(Collected data entries)
lemma prod_list_pos:
  fixes xs :: "'a :: linordered_semidom list"
  shows "(\<And>x. x \<in> set xs \<Longrightarrow> 0 < x) \<Longrightarrow> 0 < prod_list xs"
  by (induction xs) auto

lemma prod_list_le_power:
  fixes xs :: "'a :: linordered_semidom list"
  shows "(\<And>x. x \<in> set xs \<Longrightarrow> 0 \<le> x \<and> x \<le> m) \<Longrightarrow> prod_list xs \<le> m ^ length xs"
proof (induction xs)
  case (Cons a xs)
  then have "0 \<le> a" "a \<le> m" "0 \<le> m"
    by force+
  with Cons show ?case
    by (auto intro!: mult_mono prod_list_nonneg)
qed simp

lemma prod_list_map_powr:
  fixes \<rho> :: "'j \<Rightarrow> real"
  shows "(\<And>j. j \<in> set u \<Longrightarrow> 0 \<le> \<rho> j) \<Longrightarrow>
     prod_list (map \<rho> u) powr t = prod_list (map (\<lambda>j. \<rho> j powr t) u)"
proof (induction u)
  case (Cons j u)
  then have "0 \<le> prod_list (map \<rho> u)"
    by (intro prod_list_nonneg) auto
  with Cons show ?case
    by (simp add: powr_mult)
qed simp

definition words :: "'j set \<Rightarrow> nat \<Rightarrow> 'j list set" where
  "words A n = {w. set w \<subseteq> A \<and> length w = n}"

lemma words_0 [simp]: "words A 0 = {[]}"
  by (auto simp: words_def)

lemma words_Suc: "words A (Suc n) = (\<lambda>(j, w). j # w) ` (A \<times> words A n)"
  by (auto simp: words_def length_Suc_conv)

lemma finite_words: "finite A \<Longrightarrow> finite (words A n)"
  unfolding words_def by (rule finite_lists_length_eq)

lemma sum_prod_list_words:
  fixes f :: "'j \<Rightarrow> 'a :: comm_semiring_1"
  assumes "finite A"
  shows "(\<Sum>w\<in>words A n. prod_list (map f w)) = sum f A ^ n"
proof (induction n)
  case (Suc n)
  have "inj_on (\<lambda>(j, w). j # w) (A \<times> words A n)"
    by (auto simp: inj_on_def)
  then have "(\<Sum>w\<in>words A (Suc n). prod_list (map f w)) = (\<Sum>(j, w)\<in>A \<times> words A n. f j * prod_list (map f w))"
    unfolding words_Suc by (simp add: sum.reindex case_prod_unfold)
  also have "\<dots> = sum f A * (\<Sum>w\<in>words A n. prod_list (map f w))"
    by (simp add: sum_product sum.cartesian_product)
  finally show ?case
    by (simp add: Suc.IH)
qed simp

lemma words_prefix_eq:
  assumes "set u \<subseteq> A" "length u \<le> n"
  shows "{w \<in> words A n. prefix u w} = (@) u ` words A (n - length u)"
  using assms by (auto simp: words_def prefix_def)

lemma sum_prod_list_words_prefix_le:
  fixes f :: "'j \<Rightarrow> real"
  assumes "finite A" "sum f A = 1" "\<And>j. 0 \<le> f j"
  shows "(\<Sum>w\<in>{w \<in> words A n. prefix u w}. prod_list (map f w)) \<le> prod_list (map f u)"
proof (cases "set u \<subseteq> A \<and> length u \<le> n")
  case True
  have "inj ((@) u)"
    by (simp add: inj_on_def)
  then have "(\<Sum>w\<in>{w \<in> words A n. prefix u w}. prod_list (map f w))
      = prod_list (map f u) * (\<Sum>v\<in>words A (n - length u). prod_list (map f v))"
    using True by (simp add: words_prefix_eq sum.reindex inj_on_subset sum_distrib_left)
  then show ?thesis
    using assms by (simp add: sum_prod_list_words)
next
  case False
  then have "{w \<in> words A n. prefix u w} = {}"
    by (auto simp: words_def prefix_def)
  then show ?thesis
    using assms(3) by (simp only: sum.empty) (intro prod_list_nonneg, auto)
qed

section \<open>Hausdorff measure on the real line\<close>

lemma hcontent_eq_powr: "0 < s \<Longrightarrow> hcontent s U = ennreal (diameter U powr s)"
  by (simp add: hcontent_def)

lemma hcontent_antimono_exp:
  assumes "0 \<le> s" "s < s'" "bounded U" "diameter U \<le> 1"
  shows "hcontent s' U \<le> hcontent s U"
proof (cases "U = {} \<or> diameter U = 0")
  case False
  then have "diameter U powr s' \<le> diameter U powr s"
    using assms diameter_ge_0[OF assms(3)] by (intro powr_mono') auto
  with False assms(1,2) show ?thesis
    by (simp add: hcontent_def ennreal_leI)
qed (use assms in \<open>auto simp: hcontent_def\<close>)

lemma hausdorff_delta_antimono_exp:
  assumes "0 \<le> s" "s < s'" "\<delta> \<le> 1"
  shows "hausdorff_delta s' \<delta> A \<le> hausdorff_delta s \<delta> A"
  unfolding hausdorff_delta_def
proof (intro INF_mono bexI)
  fix U :: "nat \<Rightarrow> real set"
  assume U: "U \<in> {U. A \<subseteq> (\<Union>i. U i) \<and> (\<forall>i. bounded (U i) \<and> diameter (U i) \<le> \<delta>)}"
  show "(\<Sum>i. hcontent s' (U i)) \<le> (\<Sum>i. hcontent s (U i))"
    using U assms by (intro suminf_le summableI hcontent_antimono_exp) (auto intro: order_trans)
qed

lemma hausdorff_delta_antimono:
  "\<delta>\<^sub>1 \<le> \<delta>\<^sub>2 \<Longrightarrow> hausdorff_delta s \<delta>\<^sub>2 A \<le> hausdorff_delta s \<delta>\<^sub>1 A"
  unfolding hausdorff_delta_def by (rule INF_superset_mono) (auto intro: order_trans)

(Task instructions) Lines holding the word "lambda" in the entries above are the ones to pull out. Copy them all.

(Answer below)
     prod_list (map \<rho> u) powr t = prod_list (map (\<lambda>j. \<rho> j powr t) u)"
lemma words_Suc: "words A (Suc n) = (\<lambda>(j, w). j # w) ` (A \<times> words A n)"
  have "inj_on (\<lambda>(j, w). j # w) (A \<times> words A n)"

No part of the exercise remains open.